You may think running something on more than one thread won’t be any faster, you will be very surprised with the results.

But just because you can spin a thread it does not mean you should.

A good rule to follow is

Don’t spin if your code is going to be executed by a web service or web site

Web sites / web services by their nature are multi threaded. IIS will decide how many threads to spin to service your content. If you spin extra threads you may add load to the server.

Do spin threads if your code is going to be executed on a desktop machine

Generally your program is not going to have multiple instances that are all very busy doing work for multiple users. So it’s good to spin threads. But do consider the effect of nesting:
If we are going to spin more than one thread for this loop :

public static void DoSubWork()
{
  // We could spin 4 threads for this
  for (int i = 0; i < 5000; i++)
  {
  }
}

And we decide to spin more threads for this loop :

public static void DoLotsOfWork()
{
  // We could spin 4 threads for this
  for (int i = 0; i < 1000000; i++)
  {
  }
}

Then we make DoLotsOfWork() call DoSubWork() we are going to be spinning lots more threads. That’s where PFX comes in. PFX will manage the thread pool count so that is does not exceed a fixed limit. So with PFX your code would look like :

public static void DoLotsOfWork()
{
  Parallel.For(1, 1000000, i; =>
  {
    DoSubWork();
  });
}

public static void DoSubWork()
{
  Parallel.For(1, 1000000, i =>
  {
  });
}

If you call DoLotsOfWork() you will see that it will not spin more than 4 threads. You can view by debugging the code and viewing the thread window (Debug – Windows – Threads) or (CTRL+D,T)

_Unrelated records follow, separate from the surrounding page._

(* Suppose the DGF selection rule is run indefinitely (stopping rule ignored). Then for each $m=1,\dots,M$ there exist $C>0$ and $\gamma>0$ such that $\mathbf P_m(\tau_1>n)\le Ce^{-\gamma n}$ for all $n\ge1$.
   Context: Model. Fix integers $M\ge2$, $1\le K\le M$. There are $M$ cells, exactly one containing a target; $H_m$: the target is in cell $m$. $f,g$ are probability densities w.r.t. a common measure with $0<D(g\|f),D(f\|g)<\infty$ ($D(p\|q)=\int p\log(p/q)$), and $\log(g(Y)/f(Y))$ has finite moment generating function near $0$ for $Y\sim f$ and $Y\sim g$. At each time $n$ a set of $K$ distinct cells is selected and an observation $y_k(n)$ is obtained from each selected cell; under $H_m$ observations are independent, law $g$ from cell $m$ and $f$ otherwise. $\mathbf P_m$: probability under $H_m$. Notation. $\ell_k(n)=\log\frac{g(y_k(n))}{f(y_k(n))}$, $\mathbf1_k(n)$ indicates cell $k$ is observed at time $n$, $S_k(n)=\sum_{t\le n}\ell_k(t)\mathbf1_k(t)$, $m^{(i)}(n)$ the cell with $i$-th largest $S_k(n)$ (ties arbitrary). DGF selection rule: at each time (ranking by current sums) select $m^{(1)},\dots,m^{(K)}$ if $D(g\|f)\ge D(f\|g)/(M-1)$ or $K=M$, and $m^{(2)},\dots,m^{(K+1)}$ if $D(g\|f)<D(f\|g)/(M-1)$ and $K<M$. "Run indefinitely" means this rule is applied at every time $n=1,2,\dots$ without stopping. Under $H_m$, $\tau_1$ is the smallest integer such that $S_m(n)>S_j(n)$ for all $j\ne m$ and all $n\ge\tau_1$. *)

theory Defs
  imports "HOL-Probability.Probability"
begin

definition KL :: "'a measure \<Rightarrow> ('a \<Rightarrow> real) \<Rightarrow> ('a \<Rightarrow> real) \<Rightarrow> real" where
  "KL \<mu> p q = (\<integral>x. p x * ln (p x / q x) \<partial>\<mu>)"

definition llr :: "('a \<Rightarrow> real) \<Rightarrow> ('a \<Rightarrow> real) \<Rightarrow> 'a \<Rightarrow> real" where
  "llr f g y = ln (g y / f y)"

text \<open>S_k(n) = sum over t = 1..n of l_k(t) 1_k(t); Y k t is the observation of cell k at time t,
  sel t is the set of cells observed at time t.\<close>
definition cumS :: "('a \<Rightarrow> real) \<Rightarrow> (nat \<Rightarrow> nat \<Rightarrow> 'w \<Rightarrow> 'a) \<Rightarrow> (nat \<Rightarrow> 'w \<Rightarrow> nat set)
    \<Rightarrow> nat \<Rightarrow> nat \<Rightarrow> 'w \<Rightarrow> real" where
  "cumS lr Y sel k n \<omega> = (\<Sum>t\<in>{1..n}. if k \<in> sel t \<omega> then lr (Y k t \<omega>) else 0)"

definition topK :: "nat \<Rightarrow> nat set \<Rightarrow> (nat \<Rightarrow> real) \<Rightarrow> nat set \<Rightarrow> bool" where
  "topK K C s A \<longleftrightarrow> A \<subseteq> C \<and> card A = K \<and> (\<forall>a\<in>A. \<forall>b\<in>C - A. s b \<le> s a)"

definition ranks2K :: "nat \<Rightarrow> nat set \<Rightarrow> (nat \<Rightarrow> real) \<Rightarrow> nat set \<Rightarrow> bool" where
  "ranks2K K C s A \<longleftrightarrow> (\<exists>c\<in>C. (\<forall>b\<in>C. s b \<le> s c) \<and> topK K (C - {c}) s A)"

text \<open>DGF selection rule given current sums s; Dgf = D(g||f), Dfg = D(f||g).\<close>
definition dgf_rule :: "nat \<Rightarrow> nat \<Rightarrow> real \<Rightarrow> real \<Rightarrow> (nat \<Rightarrow> real) \<Rightarrow> nat set \<Rightarrow> bool" where
  "dgf_rule M K Dgf Dfg s A =
     (if Dgf \<ge> Dfg / (real M - 1) \<or> K = M then topK K {1..M} s A else ranks2K K {1..M} s A)"

definition tau1 :: "nat \<Rightarrow> nat \<Rightarrow> (nat \<Rightarrow> nat \<Rightarrow> real) \<Rightarrow> enat" where
  "tau1 M m S = (if \<exists>t. \<forall>n\<ge>t. \<forall>j\<in>{1..M} - {m}. S j n < S m n
      then enat (LEAST t. \<forall>n\<ge>t. \<forall>j\<in>{1..M} - {m}. S j n < S m n) else \<infinity>)"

This is my thread list. (just the ones that are doing the looping)

840 ThreadExample.Program.DoLotsOfWork
1880 ThreadExample.Program.DoLotsOfWork.AnonymousMethod
6724 ThreadExample.Program.DoLotsOfWork.AnonymousMethod
4332 ThreadExample.Program.DoSubWork.AnonymousMethod
6176 ThreadExample.Program.DoSubWork.AnonymousMethod

I do think one limitation of PFX (or at least with the CTP) is that you cannot choose how many threads. It will use core count * 2. I can understand the reason for this but if you are spinning more than one thread to download lots of images from a website then you may want to base the number of threads that you spin upon bandwidth rather than CPU resources. (I will have to check .NET4 to see if this has changed)

AOP and Transactions

A project I work on started out as a .NET 1.1 solution, we made a decision to use Serviced Components to handle transactions.

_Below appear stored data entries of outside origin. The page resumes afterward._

(* The elements $\alpha^{g,h}_{\chi,\psi}$, for $\chi\in X_N$ (with $\psi=\theta\chi^{-1}$) and $g,h$ relatively prime divisors of $N$, generate $H^\theta$ as an $\mathcal{O}$-module.
   Context: $p$ is an odd prime, $M$ a positive integer with $p\nmid M\varphi(M)$, $N=M$ or $Mp$, $N>1$, $\Delta=(\mathbb{Z}/N\mathbb{Z})^\times/\langle-1\rangle$. $H$ is a space of level $N$ modular symbols: a $\mathbb{Z}_p[\Delta]$-module spanned by symbols $[u:v]$ ($u,v\in\mathbb{Z}/N\mathbb{Z}$ generating the unit ideal) satisfying $[u:v]=[-u:-v]=-[-v:u]$, $[u:v]=[u:u+v]+[u+v:v]$, $\langle a\rangle[u:v]=[au:av]$. $\theta:\Delta\to\mathbb{C}_p^\times$ is a character, $\mathcal{O}=\mathbb{Z}_p[\mu_{\varphi(N)}]$, $X_N=\mathrm{Hom}((\mathbb{Z}/N\mathbb{Z})^\times,\mathcal{O}^\times)$, $e_\theta=\frac1{\varphi(N)}\sum_a\theta^{-1}(a)\langle a\rangle$, $H^\theta=e_\theta(H\otimes_{\mathbb{Z}_p}\mathcal{O})$, and $\alpha^{g,h}_{\chi,\psi}=\frac{1}{\varphi(N)^2}\sum_{a,b\in(\mathbb{Z}/N\mathbb{Z})^\times}\chi^{-1}(a)\psi^{-1}(b)[ga:hb]$. *)

theory Defs
  imports "HOL-Number_Theory.Number_Theory"
begin

text \<open>Residues mod N are represented by naturals in {0..<N}.\<close>

definition units_mod :: "nat \<Rightarrow> nat set" where
  "units_mod N = {a. a < N \<and> coprime a N}"

definition unimod :: "nat \<Rightarrow> nat \<Rightarrow> nat \<Rightarrow> bool" where
  "unimod N u v \<longleftrightarrow> u < N \<and> v < N \<and> coprime (gcd u v) N"

definition minv :: "nat \<Rightarrow> nat \<Rightarrow> nat" where
  "minv N a = (THE b. b < N \<and> [a * b = 1] (mod N))"

text \<open>X_N = Hom((Z/N)^*, O^*), characters extended by 0 off the units\<close>
definition dirichlet_chars :: "nat \<Rightarrow> (nat \<Rightarrow> 'o::comm_ring_1) set" where
  "dirichlet_chars N = {\<chi>. \<chi> 1 = 1
      \<and> (\<forall>a\<in>units_mod N. \<forall>b\<in>units_mod N. \<chi> (a * b mod N) = \<chi> a * \<chi> b)
      \<and> (\<forall>a. a \<notin> units_mod N \<longrightarrow> \<chi> a = 0)}"

definition char_inv :: "nat \<Rightarrow> (nat \<Rightarrow> 'o::comm_ring_1) \<Rightarrow> nat \<Rightarrow> 'o" where
  "char_inv N \<chi> a = (if a \<in> units_mod N then \<chi> (minv N a) else 0)"

definition nat_inv :: "nat \<Rightarrow> 'o::comm_ring_1" where
  "nat_inv n = (THE w. of_nat n * w = 1)"

text \<open>A space of level N modular symbols, already tensored up to the coefficient ring
  (the O-module spanned by the symbols sb u v = [u:v], with the Delta-action act a = <a>).\<close>
definition modsym_space ::
  "('o::comm_ring_1 \<Rightarrow> 'm::ab_group_add \<Rightarrow> 'm) \<Rightarrow> nat \<Rightarrow> (nat \<Rightarrow> nat \<Rightarrow> 'm)
     \<Rightarrow> (nat \<Rightarrow> 'm \<Rightarrow> 'm) \<Rightarrow> bool" where
  "modsym_space smul N sb act \<longleftrightarrow>
     Modules.module smul
     \<and> (\<forall>u v. unimod N u v \<longrightarrow>
           sb u v = sb ((N - u) mod N) ((N - v) mod N)
         \<and> sb u v = - sb ((N - v) mod N) u
         \<and> sb u v = sb u ((u + v) mod N) + sb ((u + v) mod N) v)
     \<and> (\<forall>a\<in>units_mod N.
           (\<forall>c x. act a (smul c x) = smul c (act a x))
         \<and> (\<forall>x y. act a (x + y) = act a x + act a y)
         \<and> (\<forall>u v. unimod N u v \<longrightarrow> act a (sb u v) = sb (a * u mod N) (a * v mod N)))
     \<and> Modules.module.span smul {sb u v | u v. unimod N u v} = UNIV"

definition e_proj ::
  "('o::comm_ring_1 \<Rightarrow> 'm::ab_group_add \<Rightarrow> 'm) \<Rightarrow> (nat \<Rightarrow> 'm \<Rightarrow> 'm) \<Rightarrow> nat
     \<Rightarrow> (nat \<Rightarrow> 'o) \<Rightarrow> 'm \<Rightarrow> 'm" where
  "e_proj smul act N \<theta> x =
     smul (nat_inv (totient N)) (\<Sum>a\<in>units_mod N. smul (char_inv N \<theta> a) (act a x))"

definition alpha ::
  "('o::comm_ring_1 \<Rightarrow> 'm::ab_group_add \<Rightarrow> 'm) \<Rightarrow> (nat \<Rightarrow> nat \<Rightarrow> 'm) \<Rightarrow> nat
     \<Rightarrow> nat \<Rightarrow> nat \<Rightarrow> (nat \<Rightarrow> 'o) \<Rightarrow> (nat \<Rightarrow> 'o) \<Rightarrow> 'm" where
  "alpha smul sb N g h \<chi> \<psi> =
     smul ((nat_inv (totient N))^2)
       (\<Sum>a\<in>units_mod N. \<Sum>b\<in>units_mod N.
          smul (char_inv N \<chi> a * char_inv N \<psi> b) (sb (g * a mod N) (h * b mod N)))"

end

(* For a unimodular symbol [u:v] write u = g a, v = h b with g = gcd(u, N),
   h = gcd(v, N) and a, b units; g and h are coprime. Fourier inversion on the pair of units
   expresses [ga:hb] as the sum over all pairs of characters of chi(a) psi(b) alpha^{g,h}_{chi,psi}.
   Each alpha^{g,h}_{chi,psi} is an eigenvector of the diamond operators with character chi psi,
   so e_theta fixes it when chi psi = theta and kills it otherwise. Hence e_theta maps the
   spanning symbols into the span of the alpha^{g,h}_{chi,theta chi^{-1}}, which e_theta fixes.
   Inversion needs phi(N) invertible (p does not divide phi(N)) and enough characters: since O
   contains a primitive phi(N)-th root of unity, characters extend from subgroups one generator
   at a time, so they separate the units. *)

theory Submission
  imports Defs "HOL-Computational_Algebra.Polynomial"
begin

lemma mult_left_inverse_unique:
  fixes u v x :: "'a::comm_monoid_mult"
  assumes "u * x = 1" and "v * x = 1"
  shows "u = v"
  by (metis assms mult.assoc mult.commute mult_1_right)

lemma nat_inv_eq:
  fixes w :: "'a::comm_ring_1"
  assumes "of_nat n * w = 1"
  shows "nat_inv n = w"
  unfolding nat_inv_def
proof (rule the_equality)
  fix v :: 'a
  assume "of_nat n * v = 1"
  then show "v = w"
    using mult_left_inverse_unique[of v "of_nat n" w] assms by (simp add: mult.commute)
qed (rule assms)

lemma prime_not_dvd_totient:
  fixes p M N :: nat
  assumes p: "prime p" and pM: "\<not> p dvd M * totient M" and N: "N = M \<or> N = M * p"
  shows "\<not> p dvd totient N"
proof -
  have "\<not> p dvd M" and "\<not> p dvd totient M"
    using pM by auto
  moreover have "\<not> p dvd p - 1"
    using prime_gt_1_nat[OF p] by (auto dest: dvd_imp_le)
  moreover have "totient (M * p) = totient M * (p - 1)" if "\<not> p dvd M"
    using that totient_mult_coprime[of M p] totient_prime[OF p]
      prime_imp_coprime[OF p] by (simp add: coprime_commute)
  ultimately show ?thesis
    using N p by (auto simp: prime_dvd_mult_iff)
qed

text \<open>Witness: a = u/g + (N/g) * (product of the primes of N not dividing u/g).\<close>
lemma exists_coprime_mult_gcd_cong:
  fixes u N :: nat
  assumes "N \<noteq> 0"
  shows "\<exists>a. coprime a N \<and> [gcd u N * a = u] (mod N)"
proof -
  define g where "g = gcd u N"
  define u' where "u' = u div g"
  define N' where "N' = N div g"
  define P where "P = prime_factors N - {q. q dvd u'}"
  define a where "a = u' + N' * \<Prod>P"
  have cop: "coprime u' N'"
    using div_gcd_coprime[of u N] assms by (simp add: u'_def N'_def g_def)
  have P_dvd_iff: "q dvd \<Prod>P \<longleftrightarrow> q \<in> P" if q: "prime q" for q
  proof -
    have fin: "finite P" and primes: "\<And>x. x \<in> P \<Longrightarrow> prime x"
      by (auto simp: P_def in_prime_factors_imp_prime)
    have "q dvd \<Prod>P \<longleftrightarrow> (\<exists>x\<in>P. q dvd x)"
      using prime_dvd_prod_iff[OF fin q] by simp
    also have "\<dots> \<longleftrightarrow> q \<in> P"
      using primes_dvd_imp_eq[OF q primes] by (metis dvd_refl)
    finally show ?thesis .
  qed
  have "coprime a N"
  proof (rule ccontr)
    assume "\<not> coprime a N"
    then obtain q where q: "prime q" "q dvd a" "q dvd N"
      by (metis coprime_iff_gcd_eq_1 gcd_dvd1 gcd_dvd2 dvd_trans prime_factor_nat)
    have qN: "q \<in> prime_factors N"
      using q assms by (intro prime_factorsI) simp_all
    show False
    proof (cases "q dvd u'")
      case True
      then have "\<not> q dvd N'"
        using cop q(1) by (meson coprime_common_divisor not_prime_unit)
      moreover have "q dvd N' * \<Prod>P"
        using True q(2) by (simp add: a_def dvd_add_right_iff)
      ultimately have "q \<in> P"
        using q(1) P_dvd_iff by (simp add: prime_dvd_mult_iff)
      with True show False by (simp add: P_def)
    next
      case False
      then have "q dvd N' * \<Prod>P"
        using qN P_dvd_iff[OF q(1)] by (simp add: P_def)
      then show False
        using False q(2) by (simp add: a_def dvd_add_left_iff)
    qed
  qed
  moreover have "g * a = u + N * \<Prod>P"
    by (simp add: a_def u'_def N'_def g_def algebra_simps)
  then have "[g * a = u] (mod N)"
    by (simp add: cong_def)
  ultimately show ?thesis
    unfolding g_def by blast
qed

lemma coprime_gcd_gcd:
  fixes u v N :: nat
  assumes "coprime (gcd u v) N"
  shows "coprime (gcd u N) (gcd v N)"
proof (rule coprimeI)
  fix c
  assume "c dvd gcd u N" "c dvd gcd v N"
  then have "c dvd gcd u v" "c dvd N"
    by auto
  then show "is_unit c"
    using coprime_common_divisor[OF assms] by blast
qed

lemma sum_swap_pairs:
  "(\<Sum>x\<in>A. \<Sum>y\<in>B. \<Sum>u\<in>C. \<Sum>v\<in>D. f x y u v) = (\<Sum>u\<in>C. \<Sum>v\<in>D. \<Sum>x\<in>A. \<Sum>y\<in>B. f x y u v)"
proof -
  have "(\<Sum>x\<in>A. \<Sum>y\<in>B. \<Sum>u\<in>C. \<Sum>v\<in>D. f x y u v) = (\<Sum>x\<in>A. \<Sum>u\<in>C. \<Sum>y\<in>B. \<Sum>v\<in>D. f x y u v)"
    by (intro sum.cong refl sum.swap)
  also have "\<dots> = (\<Sum>u\<in>C. \<Sum>x\<in>A. \<Sum>y\<in>B. \<Sum>v\<in>D. f x y u v)"
    by (rule sum.swap)
  also have "\<dots> = (\<Sum>u\<in>C. \<Sum>x\<in>A. \<Sum>v\<in>D. \<Sum>y\<in>B. f x y u v)"
    by (intro sum.cong refl sum.swap)
  also have "\<dots> = (\<Sum>u\<in>C. \<Sum>v\<in>D. \<Sum>x\<in>A. \<Sum>y\<in>B. f x y u v)"
    by (intro sum.cong refl sum.swap)
  finally show ?thesis .
qed

section \<open>Units modulo N and Dirichlet characters\<close>

locale units_mod_ring =
  fixes N :: nat
  assumes N_gt_1: "N > 1"
begin

abbreviation G :: "nat set" where "G \<equiv> units_mod N"

lemma units_mod_iff: "a \<in> G \<longleftrightarrow> a < N \<and> coprime a N"
  by (simp add: units_mod_def)

lemma one_in_units_mod [simp]: "1 \<in> G" "Suc 0 \<in> G"
  using N_gt_1 by (simp_all add: units_mod_iff)

lemma units_mod_mod [simp]: "a \<in> G \<Longrightarrow> a mod N = a"
  by (simp add: units_mod_iff)

lemma units_mod_mult [simp]: "a \<in> G \<Longrightarrow> b \<in> G \<Longrightarrow> a * b mod N \<in> G"
  using N_gt_1 by (simp add: units_mod_iff)

lemma units_mod_power [simp]: "a \<in> G \<Longrightarrow> a ^ n mod N \<in> G"
  using N_gt_1 by (simp add: units_mod_iff)

lemma finite_units_mod [simp]: "finite G"
  by (simp add: units_mod_def)

lemma card_units_mod: "card G = totient N"
proof -
  have "x < N" if "x \<le> N" "coprime x N" for x
    using that N_gt_1 by (cases "x = N") auto
  then have "G = totatives N"
    using N_gt_1 by (auto simp: units_mod_iff totatives_def intro: Nat.gr0I)
  then show ?thesis
    by (simp add: totient_def)
qed

lemma totient_pos: "totient N > 0"
  using N_gt_1 by simp

lemma power_totient_mod: "a \<in> G \<Longrightarrow> a ^ totient N mod N = 1"
  using euler_theorem[of a N] N_gt_1 by (simp add: units_mod_iff cong_def)

lemma minv_eq:
  assumes a: "a \<in> G"
  shows "minv N a = a ^ (totient N - 1) mod N"
  unfolding minv_def
proof (rule the_equality)
  have "a * a ^ (totient N - 1) = a ^ totient N"
    using totient_pos by (simp flip: power_Suc)
  then show inverse: "a ^ (totient N - 1) mod N < N \<and> [a * (a ^ (totient N - 1) mod N) = 1] (mod N)"
    using power_totient_mod[OF a] N_gt_1 by (simp add: cong_def mod_mult_right_eq)
  show "b = a ^ (totient N - 1) mod N" if "b < N \<and> [a * b = 1] (mod N)" for b
    using that inverse a cong_mult_lcancel_nat[of a N] cong_less_modulus_unique_nat
    by (metis cong_sym cong_trans units_mod_iff)
qed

We had our reasons for this, things like :

  • Developers don’t need to worry about transactions, they are handled.
  • In some installations we need to span databases.
  • Transactional Message Queues.

It worked great, but then .NET 2 came along, and we had heard good things about System.Transaction, we wanted to use it, not just because it was cool and new but serviced components did give us a few headaches.

So, we had a fully transactional API, all of our Business classes derived from a common bases class, so.. to make them 'non serviced components' we just removed the base class, but how did we start a transaction for the first call the method and commit it when the last class was disposed.

That’s were AOP comes in, I looked on the web for some examples, I found one that fitted out requirements on MSDN :

http://msdn.microsoft.com/msdnmag/issues/02/03/AOP/default.aspx

This gave me a good start.

We needed AOP as we check each method call for an error, if we get an error we set a bool, then in the dispose we just abort the transaction.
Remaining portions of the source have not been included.